Plutôt que d'essayer d'imiter la qualité d'un reflex numérique, qu’il utilise par ailleurs pour d’autres projets, il embrasse l'ordinaire de la vie réelle dans les rues montreuilloises avec la prise de vue intuitive qu'offre ce type d’appareil. Il capture ainsi des moments vulnérables, fragments d’instantané et de spontanéité, au hasard des rues de ce petit monde bien vivant, loin des chaussées bien lisses de certaines avenues parisiennes. La banlieue souvent marginalisée et mal-aimée retrouve ici toute son aura. Montreuil aux mille visages devient, à travers l’objectif de Jean-Fabien, la scène du " théâtre de la vie", dont les acteurs sont les passants, les habitants, les commerçants. Des portraits comme des fenêtres ouvertes sur ces anonymes ou figures locales qui constituent la diversité et la richesse de cette ville.

crédit photo : Jean-Fabien Leclanche

Photographier dans la rue est un acte révélateur de l’attitude du photographe. Dans les détails, et les paysages humains/urbains de Montreuil, on constate de la joie, des rires, de la complicité, mais surtout de la chaleur. Un œil bienveillant sur ses contemporains que l’on ne se lasse pas de suivre dans Good Morning Montreuil, opus édité en 2015 par les Éditions de Juillet, et déjà réédité. Jean-Fabien adoptant le format carré pour ses photographies, cet ouvrage ne pouvait en faire autrement, laissant la part belle aux clichés.

crédit photo : Jean-Fabien Leclanche

Good Morning Montreuil n’est qu’une infime partie du travail photographique de Jean-Fabien. Posant son iPhone pour d’autres boîtiers, il détaille avec autant d’acuité visuelle là où le mènent ses pas. Les séries "Portraits chinois", "Shoot & Talk", "Le Démon des Anges" ou bien encore "Song to the Siren" prolongent l'immersion dans l’univers de "ce petit producteur d’histoires vraies", comme il aime à se nommer.

Focus Numérique – Comment vous a été donné le goût de la photographie et plus précisément  parler de vos contemporains ?

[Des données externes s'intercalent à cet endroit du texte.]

(* Let $(C,S)$ be a partially shaded tree, where $C$ is the support tree of a vertex of a non-degenerate transportation polytope $\mathrm{TP}(u,v)$. If some supply node satisfies (SIN) in $(C,S)$, then no demand node is incident in $C$ only to shaded $+$edges. In particular, every well-connected demand node is incident to a shaded $-$edge.
   Context: Let $N_1,N_2\ge1$, $u\in\mathbb{R}_{>0}^{N_1}$, $v\in\mathbb{R}_{>0}^{N_2}$ with $\sum_iu_i=\sum_jv_j$, and $\mathrm{TP}(u,v)=\{y\in\mathbb{R}^{N_1\times N_2}: \sum_j y_{ij}=u_i\ \forall i,\ \sum_i y_{ij}=v_j\ \forall j,\ y\ge 0\}$. View supply nodes $\sigma^1,\dots,\sigma^{N_1}$ and demand nodes $\delta^1,\dots,\delta^{N_2}$ as the two sides of $K_{N_1,N_2}$; the support graph of $y$ consists of the edges $\{\sigma^i,\delta^j\}$ with $y_{ij}>0$. $\mathrm{TP}(u,v)$ is non-degenerate if there are no nonempty proper subsets $I\subsetneq\{1,\dots,N_1\}$, $J\subsetneq\{1,\dots,N_2\}$ with $\sum_{i\in I}u_i=\sum_{j\in J}v_j$; then the support graph of each vertex is a spanning tree of $K_{N_1,N_2}$ determining the vertex; these are called trees. Fix a tree $F$ and a demand node $\delta^*$. Label the edges of $F$: each edge of $F$ lies on a path in $F$ starting at $\delta^*$, and edges along such paths are labeled alternately $+,-,+,\dots$ beginning with $+$ at $\delta^*$ (so each supply node is incident in $F$ to exactly one $+$edge, each demand node other than $\delta^*$ to exactly one $-$edge, and $\delta^*$ only to $+$edges). A partially shaded tree is a pair $(C,S)$ with $C$ a tree and $S\subseteq C\cap F$ the shaded edges (others unshaded); shaded edges carry their labels from $F$. A demand node is well-connected if it is not incident to an unshaded edge of $C$. For a supply node $\sigma$, every edge of $C$ lies on a unique path in $C$ starting at $\sigma$; number edges along such paths starting with $1$ at edges incident to $\sigma$, and call an edge odd (w.r.t. $\sigma$) if its number is odd. A supply node $\sigma$ satisfies (SIN) in $(C,S)$ if every edge of $C$ that is odd with respect to $\sigma$ is either unshaded or a shaded $-$edge incident to a well-connected demand node. *)

theory Defs
  imports Main "HOL-Library.Extended_Real"
begin

text \<open>Supply nodes are indexed 0..<N1, demand nodes 0..<N2. A point of
  R^(N1 x N2) is a function y :: nat => nat => real that vanishes outside the index range.
  An edge {sigma^i, delta^j} of K_{N1,N2} is represented by the pair (i,j).\<close>

datatype node = Sup nat | Dem nat

definition TP :: "nat \<Rightarrow> nat \<Rightarrow> (nat \<Rightarrow> real) \<Rightarrow> (nat \<Rightarrow> real) \<Rightarrow> (nat \<Rightarrow> nat \<Rightarrow> real) set" where
  "TP N1 N2 u v = {y. (\<forall>i j. (i < N1 \<and> j < N2) \<or> y i j = 0)
      \<and> (\<forall>i<N1. (\<Sum>j<N2. y i j) = u i)
      \<and> (\<forall>j<N2. (\<Sum>i<N1. y i j) = v j)
      \<and> (\<forall>i j. y i j \<ge> 0)}"

definition is_vertex :: "(nat \<Rightarrow> nat \<Rightarrow> real) set \<Rightarrow> (nat \<Rightarrow> nat \<Rightarrow> real) \<Rightarrow> bool" where
  "is_vertex P y \<longleftrightarrow> y \<in> P \<and>
     \<not> (\<exists>a\<in>P. \<exists>b\<in>P. \<exists>t::real. 0 < t \<and> t < 1 \<and> a \<noteq> b \<and>
           y = (\<lambda>i j. t * a i j + (1 - t) * b i j))"

definition non_degenerate :: "nat \<Rightarrow> nat \<Rightarrow> (nat \<Rightarrow> real) \<Rightarrow> (nat \<Rightarrow> real) \<Rightarrow> bool" where
  "non_degenerate N1 N2 u v \<longleftrightarrow>
     (\<forall>I J. I \<noteq> {} \<and> I \<subset> {..<N1} \<and> J \<noteq> {} \<and> J \<subset> {..<N2} \<longrightarrow> sum u I \<noteq> sum v J)"

definition support :: "nat \<Rightarrow> nat \<Rightarrow> (nat \<Rightarrow> nat \<Rightarrow> real) \<Rightarrow> (nat \<times> nat) set" where
  "support N1 N2 y = {(i,j). i < N1 \<and> j < N2 \<and> y i j > 0}"

definition is_tree :: "nat \<Rightarrow> nat \<Rightarrow> (nat \<Rightarrow> real) \<Rightarrow> (nat \<Rightarrow> real) \<Rightarrow> (nat \<times> nat) set \<Rightarrow> bool" where
  "is_tree N1 N2 u v C \<longleftrightarrow> (\<exists>y. is_vertex (TP N1 N2 u v) y \<and> C = support N1 N2 y)"

definition links :: "nat \<times> nat \<Rightarrow> node \<Rightarrow> node \<Rightarrow> bool" where
  "links e a b \<longleftrightarrow> (a = Sup (fst e) \<and> b = Dem (snd e)) \<or> (a = Dem (snd e) \<and> b = Sup (fst e))"

definition path_in :: "(nat \<times> nat) set \<Rightarrow> node list \<Rightarrow> bool" where
  "path_in C ns \<longleftrightarrow> distinct ns \<and>
     (\<forall>k. Suc k < length ns \<longrightarrow> (\<exists>e\<in>C. links e (ns ! k) (ns ! Suc k)))"

definition edge_pos :: "(nat \<times> nat) set \<Rightarrow> node \<Rightarrow> nat \<times> nat \<Rightarrow> nat \<Rightarrow> bool" where
  "edge_pos C x e k \<longleftrightarrow> e \<in> C \<and> (\<exists>ns. path_in C ns \<and> ns \<noteq> [] \<and> hd ns = x \<and>
       1 \<le> k \<and> k < length ns \<and> links e (ns ! (k - 1)) (ns ! k))"

definition plus_edge :: "(nat \<times> nat) set \<Rightarrow> nat \<Rightarrow> nat \<times> nat \<Rightarrow> bool" where
  "plus_edge F ds e \<longleftrightarrow> (\<exists>k. odd k \<and> edge_pos F (Dem ds) e k)"

definition minus_edge :: "(nat \<times> nat) set \<Rightarrow> nat \<Rightarrow> nat \<times> nat \<Rightarrow> bool" where
  "minus_edge F ds e \<longleftrightarrow> (\<exists>k. even k \<and> edge_pos F (Dem ds) e k)"

definition odd_wrt :: "(nat \<times> nat) set \<Rightarrow> nat \<Rightarrow> nat \<times> nat \<Rightarrow> bool" where
  "odd_wrt C s e \<longleftrightarrow> (\<exists>k. odd k \<and> edge_pos C (Sup s) e k)"

definition well_connected :: "(nat \<times> nat) set \<Rightarrow> (nat \<times> nat) set \<Rightarrow> nat \<Rightarrow> bool" where
  "well_connected C S j \<longleftrightarrow> \<not> (\<exists>i. (i, j) \<in> C \<and> (i, j) \<notin> S)"

definition SIN :: "(nat \<times> nat) set \<Rightarrow> nat \<Rightarrow> (nat \<times> nat) set \<Rightarrow> (nat \<times> nat) set \<Rightarrow> nat \<Rightarrow> bool" where
  "SIN F ds C S s \<longleftrightarrow> (\<forall>e\<in>C. odd_wrt C s e \<longrightarrow>
      (e \<notin> S \<or> (e \<in> S \<and> minus_edge F ds e \<and> well_connected C S (snd e))))"

end

theory Submission
  imports Defs
begin

text \<open>Every demand node \<open>\<delta>\<^sup>j\<close> is joined in \<open>C\<close> to the supply node \<open>\<sigma>\<close> satisfying (SIN):
  \<open>C\<close> is the support of a feasible point, and a component of it missing \<open>\<delta>\<^sup>j\<close> would split the
  margins into nonempty proper index sets with equal sums, which non-degeneracy (or positivity
  of the margins) forbids. The last edge of such a path is odd with respect to \<open>\<sigma>\<close>, so by (SIN)
  it is unshaded or a shaded \<open>-\<close>edge, and then not also a \<open>+\<close>edge. Indeed the labels of \<open>F\<close>
  are consistent: two paths from \<open>\<delta>*\<close> crossing one edge in opposite directions combine into a
  closed walk through it, and weighting the edges of that walk alternately by \<open>+1\<close> and \<open>-1\<close>
  gives a nonzero circulation supported on \<open>F\<close>. Adding and subtracting a small multiple of it
  exhibits the vertex as the midpoint of two distinct feasible points.\<close>

fun edge_between :: "node \<Rightarrow> node \<Rightarrow> nat \<times> nat" where
  "edge_between (Sup i) (Dem j) = (i, j)"
| "edge_between (Dem j) (Sup i) = (i, j)"
| "edge_between _ _ = (0, 0)"

fun walk_edges :: "node list \<Rightarrow> (nat \<times> nat) list" where
  "walk_edges (x # y # ns) = edge_between x y # walk_edges (y # ns)"
| "walk_edges _ = []"

fun walk :: "(nat \<times> nat) set \<Rightarrow> node list \<Rightarrow> bool" where
  "walk C (x # y # ns) \<longleftrightarrow> (\<exists>e\<in>C. links e x y) \<and> walk C (y # ns)"
| "walk C _ \<longleftrightarrow> True"

fun is_dem :: "node \<Rightarrow> bool" where
  "is_dem (Dem _) \<longleftrightarrow> True"
| "is_dem (Sup _) \<longleftrightarrow> False"

lemma links_imp_edge_between: "links e x y \<Longrightarrow> edge_between x y = e"
  by (cases e) (auto simp: links_def)

lemma links_commute: "links e x y \<longleftrightarrow> links e y x"
  by (auto simp: links_def)

lemma links_is_dem: "links e x y \<Longrightarrow> is_dem x \<longleftrightarrow> \<not> is_dem y"
  by (auto simp: links_def)

lemma edge_between_commute: "edge_between x y = edge_between y x"
  by (cases x; cases y) auto

lemma walk_iff_nth:
  "walk C ns \<longleftrightarrow> (\<forall>k. Suc k < length ns \<longrightarrow> (\<exists>e\<in>C. links e (ns ! k) (ns ! Suc k)))"
proof (induction C ns rule: walk.induct)
  case (1 C x y ns)
  show ?case
    unfolding walk.simps(1) 1 by (simp add: All_less_Suc2)
qed auto

lemma path_in_iff_walk: "path_in C ns \<longleftrightarrow> distinct ns \<and> walk C ns"
  by (simp add: path_in_def walk_iff_nth)

lemma walk_take: "walk C ns \<Longrightarrow> walk C (take n ns)"
  by (auto simp: walk_iff_nth)

lemma walk_append: "walk C (xs @ a # zs) \<longleftrightarrow> walk C (xs @ [a]) \<and> walk C (a # zs)"
  by (induction xs rule: walk_edges.induct) auto

lemma walk_rev: "walk C (rev ns) \<longleftrightarrow> walk C ns"
proof (induction ns rule: walk_edges.induct)
  case (1 x y ns)
  have "walk C (rev (x # y # ns)) \<longleftrightarrow> walk C (rev ns @ [y]) \<and> walk C [y, x]"
    using walk_append[of C "rev ns" y "[x]"] by simp
  then show ?case using 1 links_commute by auto
qed auto

lemma walk_snoc: "walk C ns \<Longrightarrow> ns \<noteq> [] \<Longrightarrow> e \<in> C \<Longrightarrow> links e (last ns) a \<Longrightarrow> walk C (ns @ [a])"
  by (induction C ns rule: walk.induct) auto

lemma walk_parity:
  "walk C ns \<Longrightarrow> k < length ns \<Longrightarrow> is_dem (ns ! k) \<longleftrightarrow> (is_dem (hd ns) \<longleftrightarrow> even k)"
proof (induction k arbitrary: ns)
  case 0
  then show ?case
    by (cases ns) auto
next
  case (Suc k)
  then obtain x y zs where ns: "ns = x # y # zs"
    by (cases ns; cases "tl ns") auto
  with Suc.prems obtain e where "links e x y" "walk C (y # zs)"
    by auto
  with Suc.IH[of "y # zs"] Suc.prems(2) ns links_is_dem[of e x y] show ?case
    by auto
qed

lemma walk_edges_append: "walk_edges (xs @ a # zs) = walk_edges (xs @ [a]) @ walk_edges (a # zs)"
  by (induction xs rule: walk_edges.induct) auto

lemma walk_edges_rev: "walk_edges (rev ns) = rev (walk_edges ns)"
proof (induction ns rule: walk_edges.induct)
  case (1 x y ns)
  have "walk_edges (rev (x # y # ns)) = walk_edges (rev ns @ [y]) @ walk_edges [y, x]"
    using walk_edges_append[of "rev ns" y "[x]"] by simp
  then show ?case using 1 by (simp add: edge_between_commute)
qed auto

lemma walk_edges_subset: "walk C ns \<Longrightarrow> set (walk_edges ns) \<subseteq> C"
  by (induction C ns rule: walk.induct) (auto dest: links_imp_edge_between)

lemma links_endpoint: "links e x y \<Longrightarrow> links e a b \<Longrightarrow> a = x \<or> a = y"
  by (auto simp: links_def)

lemma walk_edges_ends:
  "walk C ns \<Longrightarrow> e \<in> set (walk_edges ns) \<Longrightarrow> links e a b \<Longrightarrow> a \<in> set ns"
proof (induction C ns rule: walk.induct)
  case (1 C x y ns)
  then obtain e' where "links e' x y"
    by auto
  then have "links (edge_between x y) x y"
    by (simp add: links_imp_edge_between)
  with 1 show ?case
    using links_endpoint by fastforce
qed auto

fun alt_count :: "(nat \<times> nat) list \<Rightarrow> nat \<times> nat \<Rightarrow> real" where
  "alt_count [] e = 0"
| "alt_count (a # es) e = (if a = e then 1 else 0) - alt_count es e"

lemma alt_count_notin: "e \<notin> set es \<Longrightarrow> alt_count es e = 0"
  by (induction es) auto

lemma alt_count_append: "alt_count (es @ fs) e = alt_count es e + (-1) ^ length es * alt_count fs e"
  by (induction es) (auto simp: algebra_simps)

definition node_sum :: "nat \<Rightarrow> nat \<Rightarrow> (nat \<times> nat \<Rightarrow> real) \<Rightarrow> node \<Rightarrow> real" where
  "node_sum N1 N2 f x = (case x of Sup i \<Rightarrow> \<Sum>j<N2. f (i, j) | Dem j \<Rightarrow> \<Sum>i<N1. f (i, j))"

lemma node_sum_diff: "node_sum N1 N2 (\<lambda>e. f e - g e) x = node_sum N1 N2 f x - node_sum N1 N2 g x"
  by (cases x) (simp_all add: node_sum_def sum_subtractf)

lemma node_sum_indicator:
  assumes "links e a b" "e \<in> {..<N1} \<times> {..<N2}"
  shows "node_sum N1 N2 (\<lambda>e'. if e = e' then 1 else 0) x = (if a = x then 1 else 0) + (if b = x then 1 else 0)"
  using assms by (cases x; cases e) (auto simp: node_sum_def links_def sum.If_cases)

Jean-Fabien Leclanche – Mon rapport à la photographie est le fruit d’une série de hasards et d’incidents, car je n’ai jamais volontairement décidé de devenir photographe un jour. Je viens de la presse écrite culturelle et donc plutôt des mots. J’ai toujours travaillé avec des photographes, dans le monde de la musique notamment, sans pour autant avoir moi-même l'idée d’appuyer sur un déclencheur. C’est l’arrivée du numérique, des premiers Coolpix puis des smartphones et des médias sociaux qui m’ont entraîné vers cette pratique. Disons que c’est mon côté geek, passionné par les médias et les technologies qui m’ont fait basculer de la curiosité amusée pour ces outils à une pratique devenue un vocabulaire indispensable.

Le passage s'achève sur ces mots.